#### YOUR INSTRUCTIONS
Return all the lines below in which the string "Longrightarrow" appears.

#### TASK MATERIAL
lemma gram_commutation_mat: "gram (commutation_mat a b) = 1\<^sub>m (a * b)"
proof -
  define f where "f r = r mod b * a + r div b" for r
  have f_div: "f r div a = r mod b" and f_mod: "f r mod a = r div b" if r: "r < a * b" for r
    using div_mod_less_mult(1)[OF r] by (simp_all add: f_def)
  have "f r < a * b" if r: "r < a * b" for r
  proof -
    have "f r < (r mod b + 1) * a"
      using div_mod_less_mult(1)[OF r] by (simp add: f_def distrib_right)
    also have "\<dots> \<le> b * a"
      using div_mod_less_mult(2)[OF r] by (intro mult_le_mono1) simp
    finally show ?thesis by (simp add: mult.commute)
  qed
  moreover have "inj_on f {..<a * b}"
  proof (rule inj_onI)
    fix x y assume "x \<in> {..<a * b}" "y \<in> {..<a * b}" and "f x = f y"
    then have "x mod b = y mod b" and "x div b = y div b"
      using f_div f_mod by (metis lessThan_iff)+
    then show "x = y" by (metis div_mult_mod_eq)
  qed
  moreover have "commutation_mat a b = perm_mat (a * b) f"
    by (simp add: commutation_mat_def perm_mat_def f_def)
  ultimately show ?thesis by (simp add: gram_perm_mat)
qed

section \<open>The Gram matrix of \<open>A_mat\<close>\<close>

lemma rho_carrier_mat [simp]: "rho r \<in> carrier_mat 2 2"
  by (simp add: rho_def)

lemma rho_4: "rho 4 = 1\<^sub>m 2"
  by (simp add: rho_def)

text \<open>The Gram matrix of \<open>|a\<rangle>\<langle>b|\<close> is \<open>|a\<rangle>\<langle>a|\<close>.\<close>

definition rho_gram_index :: "nat \<Rightarrow> nat" where
  "rho_gram_index r = (if r \<le> 1 then 0 else if r \<le> 3 then 3 else 4)"

lemma gram_rho:
  assumes "r \<le> 4"
  shows "gram (rho r) = rho (rho_gram_index r)"
proof -
  have sum_2: "(\<Sum>i = 0..<2. f i) = f 0 + f 1" for f :: "nat \<Rightarrow> real"
    by (simp add: numeral_2_eq_2 One_nat_def)
  have "r = 0 \<or> r = 1 \<or> r = 2 \<or> r = 3 \<or> r = 4" using assms by auto
  then show ?thesis
    by (elim disjE; hypsubst; intro eq_matI)
      (auto simp: rho_def rho_gram_index_def scalar_prod_def less_2_cases_iff sum_2)
qed

lemma gram_kron_pow_rho_0: "gram (kron_pow (rho 0) s) = kron_pow (rho 0) s"
  using gram_rho[of 0] by (simp add: kron_pow_def gram_kron_list rho_gram_index_def)

lemma gram_A_block:
  fixes S P :: "real mat"
  assumes S: "S \<in> carrier_mat N N" and S_proj: "gram S = S"
    and P: "P \<in> carrier_mat (N * N) (N * N)" and P_orth: "gram P = 1\<^sub>m (N * N)"
  shows "gram (kron S (commutation_mat (N ^ l) N) * kron (kron S (1\<^sub>m N) * P) (1\<^sub>m (N ^ l))
      * commutation_mat (N ^ 2) (N ^ l)) = kron S (1\<^sub>m (N ^ l * N))"
proof -
  define T where "T = N * (N ^ l * N)"
  let ?K1 = "commutation_mat (N ^ l) N" and ?K2 = "commutation_mat (N ^ 2) (N ^ l)"
  let ?D = "kron S (1\<^sub>m N)"
  let ?X = "kron S ?K1" and ?Y = "kron (?D * P) (1\<^sub>m (N ^ l))"
  have K1: "?K1 \<in> carrier_mat (N ^ l * N) (N ^ l * N)"
    by (simp add: commutation_mat_def)
  have X: "?X \<in> carrier_mat T T"
    unfolding T_def using S K1 by simp
  have DP: "?D * P \<in> carrier_mat (N * N) (N * N)"
    by (rule mult_carrier_mat[OF kron_carrier_mat[OF S one_carrier_mat] P])
  have Y: "?Y \<in> carrier_mat T T"
    using kron_carrier_mat[OF DP one_carrier_mat[of "N ^ l"]] by (simp add: T_def mult_ac)
  have K2: "?K2 \<in> carrier_mat T T"
    by (simp add: commutation_mat_def T_def power2_eq_square mult_ac)
  have gram_Y: "gram ?Y = kron S (1\<^sub>m (N ^ l * N))"
    using gram_mult_orthogonal[OF _ P P_orth, of ?D "N * N"] S
    by (simp add: gram_kron S_proj kron_assoc mult.commute)
  have X_gram_Y: "?X * gram ?Y = ?X"
  proof -
    have "?X * gram ?Y = kron (S * S) (?K1 * 1\<^sub>m (N ^ l * N))"
      unfolding gram_Y using S K1 by (intro kron_mult) auto
    also have "\<dots> = ?X"
      using K1 by (simp add: idem_if_gram_eq_self[OF S_proj])
    finally show ?thesis .
  qed
  have "gram (?X * ?Y * ?K2) = gram (?X * ?Y)"
    using X Y K2 gram_commutation_mat[of "N ^ 2" "N ^ l"]
    by (intro gram_mult_orthogonal[of _ T T]) (auto simp: T_def power2_eq_square mult_ac)
  also have "\<dots> = ?X * gram ?Y * transpose_mat ?X"
    by (rule gram_mult[OF X Y])
  also have "\<dots> = gram ?X"
    unfolding X_gram_Y ..
  also have "\<dots> = kron S (1\<^sub>m (N ^ l * N))"
    by (simp add: gram_kron S_proj gram_commutation_mat)
  finally show ?thesis .
qed

lemma gram_A_mat:
  assumes n_x: "n_x = 2 ^ s" and "l < j"
    and P: "P \<in> carrier_mat (n_x ^ 2) (n_x ^ 2)" "is_perm_mat (n_x ^ 2) P"
    and rs: "\<forall>r\<in>set rs. r \<le> 4"
  shows "gram (A_mat s n_x j l rs P)
    = kron_list (map rho (map rho_gram_index rs @ replicate s 0 @ replicate (s * j) 4))"
proof -
  let ?S = "kron_pow (rho 0) s"
  have S: "?S \<in> carrier_mat n_x n_x"
  proof -
    have "set (replicate s (rho 0)) \<subseteq> carrier_mat 2 2"
      by auto
    from kron_list_carrier_mat[OF this] show ?thesis
      by (simp add: kron_pow_def n_x)
  qed
  have gram_core: "gram (kron ?S (commutation_mat (n_x ^ l) n_x) * kron (kron ?S (1\<^sub>m n_x) * P) (1\<^sub>m (n_x ^ l))
      * commutation_mat (n_x ^ 2) (n_x ^ l)) = kron ?S (1\<^sub>m (n_x ^ l * n_x))"
    using P gram_is_perm_mat[OF P(2)]
    by (intro gram_A_block[OF S gram_kron_pow_rho_0]) (simp_all add: power2_eq_square)
  have "map gram (map rho rs) = map rho (map rho_gram_index rs)"
    unfolding map_map using rs by (intro map_cong) (auto simp: gram_rho)
  then have gram_R: "gram (kron_list (map rho rs)) = kron_list (map rho (map rho_gram_index rs))"
    by (simp only: gram_kron_list)
  have "l + 1 + (j - (l + 1)) = j"
    using \<open>l < j\<close> by simp
  then have "n_x ^ l * n_x * n_x ^ (j - (l + 1)) = n_x ^ j"
    by (metis power_add power_one_right)
  then have dims: "n_x ^ l * n_x * n_x ^ (j - (l + 1)) = 2 ^ (s * j)"
    by (simp add: n_x power_mult)
  show ?thesis
    unfolding A_mat_def Let_def gram_kron gram_R gram_core
    by (simp add: kron_list_append kron_assoc kron_pow_def dims rho_4 kron_list_replicate_one_mat)
qed

lemma qubit_count:
  fixes \<alpha> n_t n_x s j Q1 n :: nat
  assumes n_x: "n_x = 2 ^ s" and "j + 1 \<le> \<alpha>"
    and Q1: "2 ^ Q1 = \<alpha> * n_t * n_x ^ \<alpha> div n_x ^ (j + 1)" and n: "2 ^ n = \<alpha> * n_t * n_x ^ \<alpha>"
  shows "Q1 + s * (j + 1) = n"
proof -
  have pow_split: "n_x ^ \<alpha> = n_x ^ (\<alpha> - (j + 1)) * n_x ^ (j + 1)"
    using \<open>j + 1 \<le> \<alpha>\<close> by (simp flip: power_add)
  have "(2::nat) ^ (Q1 + s * (j + 1)) = 2 ^ Q1 * n_x ^ (j + 1)"
    by (simp add: n_x power_add power_mult)
  also have "\<dots> = 2 ^ n"
    unfolding Q1 n pow_split by (simp add: n_x mult.assoc)
  finally show ?thesis
    by simp
qed

section \<open>Diagonal projectors and multi-controlled NOT gates\<close>

definition diag_proj :: "nat \<Rightarrow> (nat \<Rightarrow> bool) \<Rightarrow> real mat" where
  "diag_proj N F = mat N N (\<lambda>(i, j). if i = j \<and> F i then 1 else 0)"

lemma diag_proj_carrier_mat [simp]: "diag_proj N F \<in> carrier_mat N N"
  by (simp add: diag_proj_def)

lemma dim_diag_proj [simp]: "dim_row (diag_proj N F) = N" "dim_col (diag_proj N F) = N"
  by (simp_all add: diag_proj_def)

lemma diagonal_diag_proj: "diagonal_mat (diag_proj N F)"
  by (simp add: diagonal_mat_def diag_proj_def)

lemma diag_proj_diag_entries: "\<forall>i < dim_row (diag_proj N F). diag_proj N F $$ (i, i) \<in> {0, 1}"
  by (simp add: diag_proj_def)

lemma diag_proj_cong: "(\<And>x. x < N \<Longrightarrow> F x = G x) \<Longrightarrow> diag_proj N F = diag_proj N G"
  by (auto simp: diag_proj_def intro!: cong_mat)
(* Let $l,m\in\mathbb{N}$ and let $q(x)=x^6-(l+m+3)x^4+(lm+l+m+3)x^2-1$. If $q(x)$ is reducible over $\mathbb{Q}$, then the set of all positive eigenvalues of the adjacency matrix of the double subdivided star $T_{l,m}$, with any one of them removed, is linearly independent over $\mathbb{Q}$.
   Context: A subdivided star $SK_{1,l}$ is obtained by identifying exactly one pendant (end) vertex from each of $l$ copies of the path $P_3$ on three vertices; the identified vertex is the coalescence vertex. The double subdivided star $T_{l,m}$ is obtained from $SK_{1,l}$ and $SK_{1,m}$ by adding one edge joining their two coalescence vertices. Eigenvalues are those of the adjacency matrix; the characteristic polynomial of $T_{l,m}$ is $(x^2-1)^{l+m-2}q(x)$. *)

theory Defs
  imports "Jordan_Normal_Form.Char_Poly" "HOL-Computational_Algebra.Polynomial_Factorial"
begin

text \<open>Vertices of the double subdivided star T(l,m) are 0 ..< 2l+2m+2:
  vertex 0 is the coalescence vertex of SK(1,l), vertex 1 that of SK(1,m);
  for k < l the k-th P3 of SK(1,l) is 0 -- 2+2k -- 3+2k;
  for k < m the k-th P3 of SK(1,m) is 1 -- 2+2l+2k -- 3+2l+2k;
  the extra edge joins 0 and 1.\<close>

definition dss_edge :: "nat \<Rightarrow> nat \<Rightarrow> nat \<Rightarrow> nat \<Rightarrow> bool" where
  "dss_edge l m i j \<longleftrightarrow>
     (i = 0 \<and> j = 1)
   \<or> (\<exists>k<l. (i = 0 \<and> j = 2 + 2*k) \<or> (i = 2 + 2*k \<and> j = 3 + 2*k))
   \<or> (\<exists>k<m. (i = 1 \<and> j = 2 + 2*l + 2*k) \<or> (i = 2 + 2*l + 2*k \<and> j = 3 + 2*l + 2*k))"

definition dss_adj :: "nat \<Rightarrow> nat \<Rightarrow> nat \<Rightarrow> nat \<Rightarrow> bool" where
  "dss_adj l m i j \<longleftrightarrow> dss_edge l m i j \<or> dss_edge l m j i"

definition dss_num_vertices :: "nat \<Rightarrow> nat \<Rightarrow> nat" where
  "dss_num_vertices l m = 2*l + 2*m + 2"

definition dss_adj_matrix :: "nat \<Rightarrow> nat \<Rightarrow> real mat" where
  "dss_adj_matrix l m = mat (dss_num_vertices l m) (dss_num_vertices l m)
     (\<lambda>(i, j). if dss_adj l m i j then 1 else 0)"
lemma l1norm_add_small_eq:
  fixes a b :: "real^'m"
  assumes zeros: "\<And>i. a $ i = 0 \<Longrightarrow> b $ i = 0"
  obtains t where "t > 0" "l1norm (a + t *\<^sub>R b) = l1norm a + t * (\<Sum>i\<in>UNIV. sgn (a $ i) * b $ i)"
proof -
  define t where "t = Min (insert 1 {\<bar>a $ i\<bar> / (\<bar>b $ i\<bar> + 1) |i. a $ i \<noteq> 0})"
  have t_pos: "t > 0"
    unfolding t_def by (subst Min_gr_iff) auto
  have small: "t * \<bar>b $ i\<bar> < \<bar>a $ i\<bar>" if "a $ i \<noteq> 0" for i
  proof -
    have "t \<le> \<bar>a $ i\<bar> / (\<bar>b $ i\<bar> + 1)"
      unfolding t_def using that by (intro Min_le) auto
    then have "t * (\<bar>b $ i\<bar> + 1) \<le> \<bar>a $ i\<bar>"
      by (simp add: field_simps)
    then show ?thesis using t_pos by (simp add: algebra_simps)
  qed
  have "\<bar>a $ i + t * b $ i\<bar> = \<bar>a $ i\<bar> + t * (sgn (a $ i) * b $ i)" for i
  proof (cases "a $ i = 0")
    case True
    then show ?thesis using zeros by simp
  next
    case False
    have "\<bar>t * b $ i\<bar> < \<bar>a $ i\<bar>"
      using small[OF False] t_pos by (simp add: abs_mult)
    with False show ?thesis
      by (cases "a $ i > 0") (auto simp: sgn_if abs_if split: if_split_asm)
  qed
  then have "l1norm (a + t *\<^sub>R b) = l1norm a + t * (\<Sum>i\<in>UNIV. sgn (a $ i) * b $ i)"
    by (simp add: l1norm_def sum.distrib sum_distrib_left)
  with t_pos show ?thesis by (rule that)
qed
lemma sum_cyclic_edges_fun_upd:
  fixes F :: "'a \<Rightarrow> 'a \<Rightarrow> 'b::comm_monoid_add"
  assumes "2 \<le> n" "k < n"
  obtains C where "\<And>x. (\<Sum>j<n. F ((p(k := x)) j) ((p(k := x)) (Suc j mod n)))
    = F (p (cyc_pred n k)) x + F x (p (Suc k mod n)) + C"
proof
  let ?i = "cyc_pred n k" and ?R = "{..<n} - {cyc_pred n k, k}"
  let ?G = "\<lambda>q j. F (q j) (q (Suc j mod n))"
  fix x
  have i: "?i \<in> {..<n}" "k \<in> {..<n} - {?i}"
    using assms cyc_pred_less[of n k] cyc_pred_neq[of n k] by auto
  have "(\<Sum>j<n. ?G (p(k := x)) j) = ?G (p(k := x)) ?i + sum (?G (p(k := x))) ({..<n} - {?i})"
    by (rule sum.remove[OF _ i(1)]) simp
  also have "sum (?G (p(k := x))) ({..<n} - {?i}) = ?G (p(k := x)) k + sum (?G (p(k := x))) ?R"
    using sum.remove[OF _ i(2), of "?G (p(k := x))"] by (simp add: Diff_insert2[symmetric])
  also have "sum (?G (p(k := x))) ?R = sum (?G p) ?R"
    by (rule sum.cong) (auto dest: cyc_pred_unique)
  finally show "(\<Sum>j<n. ?G (p(k := x)) j) = F (p ?i) x + F x (p (Suc k mod n)) + sum (?G p) ?R"
    using assms cyc_pred_neq[of n k] Suc_mod_neq_self[of n k] by (simp add: Suc_cyc_pred_mod add.assoc)
qed

lemma curve_length_eq_sum: "curve_length n p = (\<Sum>j<n. cmod (p (Suc j mod n) - p j))"
  unfolding curve_length_def edge_len_def by (rule sum.cong) auto

lemma edge_len_mult_edge_normal:
  "complex_of_real (edge_len n p j) * edge_normal \<sigma> n p j = cis (\<sigma> * pi / 2) * edge_vec n p j"
  by (cases "edge_vec n p j = 0") (simp_all add: edge_normal_def edge_len_def edge_vec_def rot_def)

lemma curve_area_eq_sum:
  "curve_area \<sigma> n p = (\<Sum>j<n. inner (p j) (cis (\<sigma> * pi / 2) * (p (Suc j mod n) - p j)) / 2)"
proof -
  have "inner (p j) (edge_normal \<sigma> n p j) * edge_len n p j
      = inner (p j) (cis (\<sigma> * pi / 2) * (p (Suc j mod n) - p j))" if "j < n" for j
    using edge_len_mult_edge_normal[of n p j \<sigma>] that
    by (metis edge_vec_def inner_scaleR_right mod_less mult.commute scaleR_conv_of_real)
  then show ?thesis
    unfolding curve_area_def sum_distrib_left by (auto intro: sum.cong)
qed

lemma has_gradient_at_iff_gderiv: "has_gradient_at f g x \<longleftrightarrow> GDERIV f x :> g"
  by (simp add: has_gradient_at_def gderiv_def inner_commute)

lemma has_gradient_at_unique:
  assumes "has_gradient_at f g x" "has_gradient_at f g' x"
  shows "g = g'"
proof -
  have "(\<lambda>h. inner g h) = (\<lambda>h. inner g' h)"
    using has_derivative_unique assms unfolding has_gradient_at_def by blast
  then have "inner (g - g') (g - g') = 0"
    by (metis inner_diff_left right_minus_eq)
  then show ?thesis by simp
qed

lemma GDERIV_dist_sum:
  fixes a b z :: "'a::real_inner"
  assumes "z \<noteq> a" "z \<noteq> b"
  shows "GDERIV (\<lambda>x. norm (x - a) + norm (b - x) + C) z :> sgn (z - a) - sgn (b - z)"
proof -
  have "GDERIV (\<lambda>x. norm (x - a)) z :> sgn (z - a)"
    using has_derivative_compose[OF has_derivative_diff[OF has_derivative_ident has_derivative_const]
        has_derivative_norm[of "z - a"]] assms by (simp add: gderiv_def)
  moreover have "GDERIV (\<lambda>x. norm (b - x)) z :> - sgn (b - z)"
    using has_derivative_compose[OF has_derivative_diff[OF has_derivative_const has_derivative_ident]
        has_derivative_norm[of "b - z"]] assms by (simp add: gderiv_def)
  ultimately show ?thesis
    using GDERIV_add[OF GDERIV_add GDERIV_const] by fastforce
qed

text \<open>For \<open>Re c = 0\<close> the quadratic terms cancel, since \<open>inner x (c * x) = Re c * (cmod x)\<^sup>2\<close>.\<close>
lemma GDERIV_area_vertex:
  fixes a b z c :: complex
  assumes "Re c = 0"
  shows "GDERIV (\<lambda>x. inner a (c * (x - a)) / 2 + inner x (c * (b - x)) / 2 + C) z :> c * (b - a) / 2"
proof -
  have "(\<lambda>x. inner a (c * (x - a)) / 2 + inner x (c * (b - x)) / 2 + C)
      = (\<lambda>x. inner (c * (b - a) / 2) x + (C - inner a (c * a) / 2))"
    using assms by (simp add: inner_complex_def field_simps)
  moreover have "GDERIV (\<lambda>x. inner (c * (b - a) / 2) x) z :> c * (b - a) / 2"
    unfolding gderiv_def inner_commute[of _ "c * (b - a) / 2"]
    by (rule bounded_linear_imp_has_derivative[OF bounded_linear_inner_right])
  ultimately show ?thesis
    using GDERIV_add[OF _ GDERIV_const] by (metis add.right_neutral)
qed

#### ANSWER TO THIS TASK
lemma diag_proj_cong: "(\<And>x. x < N \<Longrightarrow> F x = G x) \<Longrightarrow> diag_proj N F = diag_proj N G"
  assumes zeros: "\<And>i. a $ i = 0 \<Longrightarrow> b $ i = 0"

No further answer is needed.